量子力学为信息处理带来新的方法与机遇。近几年量子计算与机器学习的快速发展催生了一个新的研究前沿——量子机器学习。在这篇博士论文中，我们介绍了量子机器学习的架构优化，以及量子自旋链中的信息处理。我们首先回顾了量子计算、凝聚态物理和机器学习领域的一些基本概念。随后我们介绍了量子机器学习中一些著名的量子算法和量子模拟技术。在嘈杂中等规模量子时代，搜索具有较小深度的、性能良好的量子线路对于量子机器学习实验演示至关重要。我们引入了一种量子神经进化算法，该算法可以自动地为不同的机器学习任务找到接近最优的量子神经网络。为展示此算法的优势，我们设计了一个量子分类器进行手写字体和拓扑态的识别。我们的结果展示了神经进化算法在量子架构搜索中的巨大潜力。远距离无耗散地传输信息和能量是物理学的重要研究方向之一。我们详细讨论了一维量子Ising-XY-Ising 自旋链的自旋输运。通过运用对称性分析、数值模拟和解析方法，我们揭示了几种与涌现的马约拉纳费米子有关的分数自旋约瑟夫森效应。我们进一步分析了自旋电流对自旋纠缠的影响。我们提出使用腔量子电动力学装置中的色散读出技术来探测自旋约瑟夫森效应。我们可以通过操控腔中的光子来进行量子信息处理。最后，我们展望了一些新的量子机器学习架构和算法。
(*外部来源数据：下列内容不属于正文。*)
lemma E2_coeff_unit_step:
  assumes "0 < q"
  shows "unit_step_at (-1/2) (1/2) (\<lambda>t. E2_coeff q t k) (K22 q k)"
proof -
  have "(E2_coeff q t k = 0 \<and> t \<le> K22 q k) \<or> (E2_coeff q t k = 1 \<and> K22 q k \<le> t)"
    if "-1/2 \<le> t" "t \<le> 1/2" for t
  proof (cases "t \<le> 0")
    case False
    define s where "s = - ln (2*t) / q"
    have "0 \<le> s" and t_eq: "t = exp (- s * q) / 2"
      using decay_exponent[OF assms, of "2*t"] False that unfolding s_def by auto
    have "K22 q k \<le> t \<longleftrightarrow> exp (- \<bar>k\<bar> * q) \<le> exp (- s * q)"
      and "t \<le> K22 q k \<longleftrightarrow> exp (- s * q) \<le> exp (- \<bar>k\<bar> * q)"
      by (simp_all add: K22_def t_eq)
    then have "K22 q k \<le> t \<longleftrightarrow> s \<le> \<bar>k\<bar>" and "t \<le> K22 q k \<longleftrightarrow> \<bar>k\<bar> \<le> s"
      using assms by simp_all
    moreover have "E2_coeff q t k = indicator {..-s} k - indicator {..s} k + 1"
      using False by (simp add: E2_coeff_def s_def)
    ultimately show ?thesis
      using \<open>0 \<le> s\<close> by (auto simp: indicator_def)
  next
    case True
    have "0 < K22 q k"
      unfolding K22_def by simp
    then show ?thesis
      using True by (simp add: E2_coeff_def)
  qed
  then show ?thesis
    unfolding unit_step_at_def by (simp add: E2_coeff_def)
qed

lemma q_of_pos: "0 < r \<Longrightarrow> r < R \<Longrightarrow> 0 < q_of R r"
  unfolding q_of_def by (simp add: frac_less2)

theorem theorem3p5:
  fixes R r :: real and f g :: dens
  assumes "0 < r" and "r < R"
    and "in_K (q_of R r) f" and "in_K (q_of R r) g"
  shows "has_RS_integral (\<lambda>t. complex_of_real t)
           (\<lambda>t. ipK (q_of R r) f (Efam (q_of R r) t g))
           (-1/2) (1/2)
           (ipK (q_of R r) f (NP (q_of R r) g))"
proof -
  define q where "q = q_of R r"
  have q: "0 < q" and f: "in_K q f" and g: "in_K q g"
    using assms q_of_pos unfolding q_def by auto
  have "has_RS_integral of_real
      (\<lambda>t. (LINT k|lborel. of_real (E1_coeff q t k) * ipK_integrand1 q f g k)
         + (LINT k|lborel. of_real (E2_coeff q t k) * ipK_integrand2 q f g k)) (-1/2) (1/2)
      ((LINT k|lborel. of_real (K11 q k) * ipK_integrand1 q f g k)
         + (LINT k|lborel. of_real (K22 q k) * ipK_integrand2 q f g k))"
    using integrable_ipK_integrands[OF q f g] E1_coeff_unit_step[OF q] E2_coeff_unit_step[OF q]
    by (intro has_RS_integral_add has_RS_integral_unit_step_multiplier E_coeff_measurable
        K_measurable) auto
  then show ?thesis
    unfolding q_def[symmetric] ipK_Efam_eq[OF q f g] ipK_NP_eq[OF q f g] .
qed

end
lemma k_minimal_3_iff:
  assumes "n \<ge> 2" "m \<ge> 2" "M \<subseteq> grid_V n m" "card M = 3"
  shows "k_minimal n m 3 M \<longleftrightarrow>
    card {u \<in> M. grid_corner n m u} \<le> 1 \<and> (\<exists>u\<in>M. \<exists>v\<in>M. on_opposite_sides n m u v) \<and>
    (horizontal_config M \<or> vertical_config M)"
    (is "_ \<longleftrightarrow> ?corners \<and> ?opposite \<and> ?config")
proof
  assume K: "k_minimal n m 3 M"
  then have "resolving n m M"
    by (simp add: k_minimal_def minimal_resolving_def)
  from resolving_opposite_sides[OF this assms(1,2)] have ?opposite
    unfolding on_opposite_sides_def by blast
  moreover have ?config
    by (rule k_minimal_config[OF K assms(1,2)])
  moreover from this have ?corners
    using k_minimal_corners_not_aligned[OF K _ _ _ _ _ assms(1,2)]
    by (rule config_corners_card[OF _ assms(3)])
  ultimately show "?corners \<and> ?opposite \<and> ?config"
    by blast
next
  assume rhs: "?corners \<and> ?opposite \<and> ?config"
  then obtain u v where "u \<in> M" "v \<in> M" "on_opposite_sides n m u v"
    by blast
  with rhs have R: "resolving n m M"
    using config_resolving[OF _ assms(3)] by blast
  have "\<not> resolving n m (M - {w})" if "w \<in> M" for w
  proof
    assume Rw: "resolving n m (M - {w})"
    have "card (M - {w}) = 2"
      using \<open>w \<in> M\<close> assms(4) by (simp add: card_Diff_singleton)
    then obtain u v where uv: "M - {w} = {u, v}" "u \<noteq> v"
      by (auto simp: card_2_iff)
    with Rw have "grid_corner n m u" "grid_corner n m v"
      using resolving_pair_corners[of n m u v] assms(1,2) by simp_all
    moreover have "finite M"
      using assms(4) by (simp add: card_ge_0_finite)
    ultimately have "card {u, v} \<le> card {u \<in> M. grid_corner n m u}"
      using uv by (intro card_mono) auto
    then show False
      using rhs \<open>u \<noteq> v\<close> by simp
  qed
  with R assms(4) show "k_minimal n m 3 M"
    unfolding k_minimal_def minimal_resolving_def by blast
qed

theorem theorem2:
  fixes n m :: nat and M :: "vtx set"
  assumes "n \<ge> 3" and "m \<ge> 3"
    and "M \<subseteq> grid_V n m" and "card M = 3"
  shows "k_minimal n m 3 M \<longleftrightarrow>
    (card {u \<in> M. is_corner n m u} \<le> 1 \<and>
     (\<exists>u\<in>M. \<exists>v\<in>M. is_boundary n m u \<and> is_boundary n m v \<and> on_opposite_sides n m u v) \<and>
     ((\<exists>i j k p q. (i, j) \<in> M \<and> (k, j) \<in> M \<and> (p, q) \<in> M \<and> M = {(i, j), (k, j), (p, q)} \<and>
          i \<noteq> k \<and> i \<le> p \<and> p \<le> k \<and> q \<noteq> j) \<or>
      (\<exists>i j k p q. (i, j) \<in> M \<and> (i, k) \<in> M \<and> (p, q) \<in> M \<and> M = {(i, j), (i, k), (p, q)} \<and>
          j \<noteq> k \<and> j \<le> q \<and> q \<le> k \<and> p \<noteq> i)))"
proof -
  have n2: "n \<ge> 2" and m2: "m \<ge> 2"
    using assms(1,2) by simp_all
  have "{u \<in> M. is_corner n m u} = {u \<in> M. grid_corner n m u}"
    using is_corner_iff[OF n2 m2] assms(3) by blast
  moreover have "(\<exists>u\<in>M. \<exists>v\<in>M. is_boundary n m u \<and> is_boundary n m v \<and> on_opposite_sides n m u v) \<longleftrightarrow>
      (\<exists>u\<in>M. \<exists>v\<in>M. on_opposite_sides n m u v)"
    using on_opposite_sides_boundary[OF n2 m2] assms(3) by blast
  ultimately show ?thesis
    unfolding k_minimal_3_iff[OF n2 m2 assms(3,4)] horizontal_config_iff vertical_config_iff
    by simp
qed

end
lemma star_nth_cong:
  "(\<And>s. s \<le> N \<Longrightarrow> f s = f' s) \<Longrightarrow> (\<And>t. t \<le> N \<Longrightarrow> g t = g' t) \<Longrightarrow> n \<le> N \<Longrightarrow>
    star Mr f g n = star Mr f' g' n"
  unfolding star_nth by (intro ext sum.cong refl) auto

lemma star_of_fun_one:
  assumes f: "f \<in> ser_in C"
  shows "star Mr (ser_of_fun (\<lambda>_. 1)) f = f"
proof (intro ext)
  fix n x
  have inner: "(\<Sum>s\<le>m. Mr r (ser_of_fun (\<lambda>_. 1) s) (f (m - s)) x) = Mr r (\<lambda>_. 1) (f m) x" for r m
    by (simp add: sum.atMost_shift ser_of_fun_def Mr_zero_left ser_inD[OF f])
  have "star Mr (ser_of_fun (\<lambda>_. 1)) f n x = (\<Sum>r\<le>n. Mr r (\<lambda>_. 1) (f (n - r)) x)"
    unfolding star_nth by (simp only: inner diff_diff_left[symmetric])
  also have "\<dots> = Mr 0 (\<lambda>_. 1) (f n) x"
    by (simp add: sum.atMost_shift Mr_one_left ser_inD[OF f])
  also have "\<dots> = f n x" by (simp add: Mr_0 C_const ser_inD[OF f])
  finally show "star Mr (ser_of_fun (\<lambda>_. 1)) f n x = f n x" .
qed

end

section \<open>The GNS construction\<close>

lemma rep_in_class:
  assumes "equiv A r" "X \<in> A // r"
  shows "rep X \<in> X"
proof -
  obtain x where "x \<in> X" using in_quotient_imp_non_empty[OF assms] by blast
  then show ?thesis unfolding rep_def by (rule someI)
qed
lemma algebraic_connectivity_le_laplacian_form:
  assumes g: "simple_graph n adj" and n: "1 < n" and x: "(\<Sum>i<n. x i) = 0"
  shows "algebraic_connectivity n adj * (\<Sum>i<n. (x i)\<^sup>2) \<le> laplacian_form n adj x"
proof (cases "algebraic_connectivity n adj \<le> 0")
  case True
  then show ?thesis
    using laplacian_form_nonneg[of n adj x] sum_nonneg[of "{..<n}" "\<lambda>i. (x i)\<^sup>2"]
    by (smt (verit) mult_nonpos_nonneg zero_le_power2)
next
  case False
  let ?L = "laplacian n adj" and ?es = "sorted_eigenvalues (laplacian n adj)"
  obtain P where P: "orthonormal_mat n P" and len: "length ?es = n" and sorted: "sorted ?es"
    and L: "?L = P * mat_diag n ((!) ?es) * transpose_mat P"
    using laplacian_sorted_eigenvalues[OF g] by metis
  have Pc: "P \<in> carrier_mat n n" using P by (simp add: orthonormal_mat_def)
  have orth: "algebraic_connectivity n adj * (\<Sum>i<n. (f i)\<^sup>2) \<le> laplacian_form n adj f"
    if "(\<Sum>i<n. col P 0 $ i * f i) = 0" for f
  proof -
    have "col P 0 \<bullet> vec n f = 0"
      using that Pc by (simp add: scalar_prod_def lessThan_atLeast0)
    with second_diagonal_entry_le_rayleigh[OF P L sorted len n]
    have "?es ! 1 * (vec n f \<bullet> vec n f) \<le> vec n f \<bullet> (?L *\<^sub>v vec n f)"
      by simp
    then show ?thesis
      unfolding laplacian_quadratic_form[OF g] algebraic_connectivity_def
      by (simp add: scalar_prod_def lessThan_atLeast0 power2_eq_square)
  qed
  have "0 < algebraic_connectivity n adj" using False by simp
  from rayleigh_bound_sum_zero_of_orthogonal[OF this _ orth x] show ?thesis
    using n by simp
qed

section \<open>Strong defensive alliances\<close>

definition boundary_size :: "nat \<Rightarrow> (nat \<Rightarrow> nat \<Rightarrow> bool) \<Rightarrow> nat set \<Rightarrow> nat" where
  "boundary_size n adj S = (\<Sum>v\<in>S. card {u \<in> {0..<n} - S. adj u v})"

lemma strong_defensive_alliance_outside_neighbours:
  assumes g: "simple_graph n adj" and S: "strong_defensive_alliance n adj S" and v: "v \<in> S"
  shows "card {u \<in> {0..<n} - S. adj u v} \<le> max_degree n adj div 2"
proof -
  have sub: "S \<subseteq> {0..<n}"
    and defends: "card {u \<in> {0..<n} - S. adj u v} \<le> card {u \<in> S. adj u v}"
    using S v by (auto simp: strong_defensive_alliance_def)
  have "{u \<in> S. adj u v} \<union> {u \<in> {0..<n} - S. adj u v} = {u. u < n \<and> adj v u}"
    using sub g by (auto simp: simple_graph_def)
  moreover have "finite {u \<in> S. adj u v}"
    using sub by (auto intro: finite_subset)
  ultimately have "card {u \<in> S. adj u v} + card {u \<in> {0..<n} - S. adj u v} = degree n adj v"
    by (simp add: degree_def card_Un_disjoint[symmetric] Int_def)
  moreover have "degree n adj v \<le> max_degree n adj"
    using sub v by (auto simp: max_degree_def intro: Max_ge)
  ultimately show ?thesis using defends by linarith
qed

lemma boundary_size_le:
  assumes "simple_graph n adj" and "strong_defensive_alliance n adj S"
  shows "boundary_size n adj S \<le> card S * (max_degree n adj div 2)"
  unfolding boundary_size_def
  using sum_bounded_above[of S _ "max_degree n adj div 2"]
    strong_defensive_alliance_outside_neighbours[OF assms] by simp

definition centered_indicator :: "nat \<Rightarrow> nat set \<Rightarrow> nat \<Rightarrow> real" where
  "centered_indicator n S i = (if i \<in> S then real n - real (card S) else - real (card S))"
(* Let $\phi=\bigwedge_{j\in[q]}C_j$ be a CNF formula over variables $x_1,\dots,x_p$, let $a\ge1$ be an integer and let $\tau>a+4$. Construct the FT-TMB instance $(G,\{s\},\mathrm{tr},\mu)$ as follows. $G$ has vertices $s$; $v_{x_i},v_{\overline{x_i}},v_{x_i,in},v_{x_i,out}$ for each $i\in[p]$; and $v_{c_j}$ for each $j\in[q]$. Edges: $\{s,v_{x_i}\}$, $\{s,v_{\overline{x_i}}\}$, $\{v_{x_i,in},v_{x_i}\}$, $\{v_{x_i,in},v_{\overline{x_i}}\}$, $\{v_{x_i,in},v_{x_i,out}\}$ for all $i\in[p]$, and $\{v_{x_i,out},v_{c_j}\}$ whenever $C_j$ contains the literal $x_i$ or $\overline{x_i}$. Set $\mu(\{v_{x_i,in},v_{x_i,out}\})=1$ for all $i$, and $\mu$ arbitrary (in $[\tau]$) on all other edges. Traversal function: $\mathrm{tr}(\{s,v_{x_i}\},1)=\mathrm{tr}(\{s,v_{\overline{x_i}}\},a+1)=\mathrm{tr}(\{v_{x_i},v_{x_i,in}\},2)=\mathrm{tr}(\{v_{\overline{x_i}},v_{x_i,in}\},a+2)=\mathrm{tr}(\{v_{x_i,in},v_{x_i,out}\},3)=\mathrm{tr}(\{v_{x_i,in},v_{x_i,out}\},a+3)=1$; $\mathrm{tr}(\{v_{x_i,out},v_{c_j}\},4)=1$ if $x_i\in C_j$; $\mathrm{tr}(\{v_{x_i,out},v_{c_j}\},a+4)=1$ if $\overline{x_i}\in C_j$; and $\mathrm{tr}(e,t)=\tau$ for every other edge–time pair. Then there is a feasible labeling $\lambda$ with $\max_{v\ne s}\mathrm{FT}(s,v,(G,\lambda,\mathrm{tr}))=4$ if and only if $\phi$ is satisfiable.
   Context: A temporal graph is $(G,\lambda,\mathrm{tr})$ with time span $\tau$, $G=(V,E)$ a finite simple undirected graph, $\lambda:E\to2^{[\tau]}$ ($[\tau]=\{1,\dots,\tau\}$), $\mathrm{tr}:E\times[\tau]\to\mathbb N_0$. A temporal path from $u$ to $v$ is a sequence $(e_1,t_1),\dots,(e_k,t_k)$ such that $e_1,\dots,e_k$ form a path (distinct vertices) from $u$ to $v$ in $G$, $t_i\in\lambda(e_i)$, and $t_j+\mathrm{tr}(e_j,t_j)\le t_{j+1}$ for $j\in[k-1]$; its duration is $t_k+\mathrm{tr}(e_k,t_k)-t_1$. $\mathrm{FT}(u,v,\cdot)$ is the minimum duration of a temporal path from $u$ to $v$. A labeling $\lambda$ is feasible for the FT-TMB instance $(G,\{s\},\mathrm{tr},\mu)$ if $|\lambda(e)|\le\mu(e)$ for all edges $e$ and $s$ temporally reaches every other vertex in $(G,\lambda,\mathrm{tr})$. *)

theory Defs
  imports Main "HOL-Library.Extended_Nat"
begin

definition temporal_path ::
  "'v set set \<Rightarrow> ('v set \<Rightarrow> nat set) \<Rightarrow> ('v set \<Rightarrow> nat \<Rightarrow> nat)
   \<Rightarrow> 'v \<Rightarrow> 'v \<Rightarrow> 'v list \<Rightarrow> nat list \<Rightarrow> bool" where
  "temporal_path E lam tr u v xs ts \<longleftrightarrow>
     ts \<noteq> [] \<and> length xs = Suc (length ts) \<and> distinct xs \<and>
     hd xs = u \<and> last xs = v \<and>
     (\<forall>i < length ts. {xs ! i, xs ! Suc i} \<in> E \<and> ts ! i \<in> lam {xs ! i, xs ! Suc i}) \<and>
     (\<forall>i. Suc i < length ts \<longrightarrow> ts ! i + tr {xs ! i, xs ! Suc i} (ts ! i) \<le> ts ! Suc i)"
Quantum mechanics provides new methods and opportunities for information processing. Recent rapid developments in quantum computing and machine learning have spawned a new cutting-edge research frontier—quantum machine learning. In this doctoral dissertation, we introduce the architecture optimization for quantum machine learning, together with the information processing in quantum spin chains.We first review some basic concepts in the field of quantum computation, condensed matter physics, and machine learning. We then introduce some renowned quantum algorithms and quantum simulation techniques for quantum machine learning. In the noisy intermediate-scale quantum era, searching a well-performing quantum circuit with a smaller depth is of crucial importance for the experimental demonstration of quantum machine learning. We introduce a quantum neuroevolution algorithm that autonomously finds near-optimal quantum neural networks for different machine learning tasks. To benchmark the effectiveness, we design a quantum classifier for the classification of both handwritten digits and topological states. Our results showcase the vast potential of neuroevolution algorithms in quantum architecture search.The ability to transmit information and energy without dissipation over large distances is one of the important research directions in physics. We specifically investigate the spin transport through a one-dimensional quantum Ising-XY-Ising spin link. Using a combination of symmetry analysis, numerical calculations, and analytical approaches, we have revealed several types of fractional spin Josephson effects that pertain to the emergent Majorana fermions. We further analyzed the entanglement between pairs of spins in the presence of spin currents. We proposed to use a cQED setup for detecting the spin Josephson effects by dispersive readout methods. This detection proposal could be used to control the quantum information processing through photons in cQED setups. Finally, we provide an outlook for some new architectures and algorithms of quantum machine learning.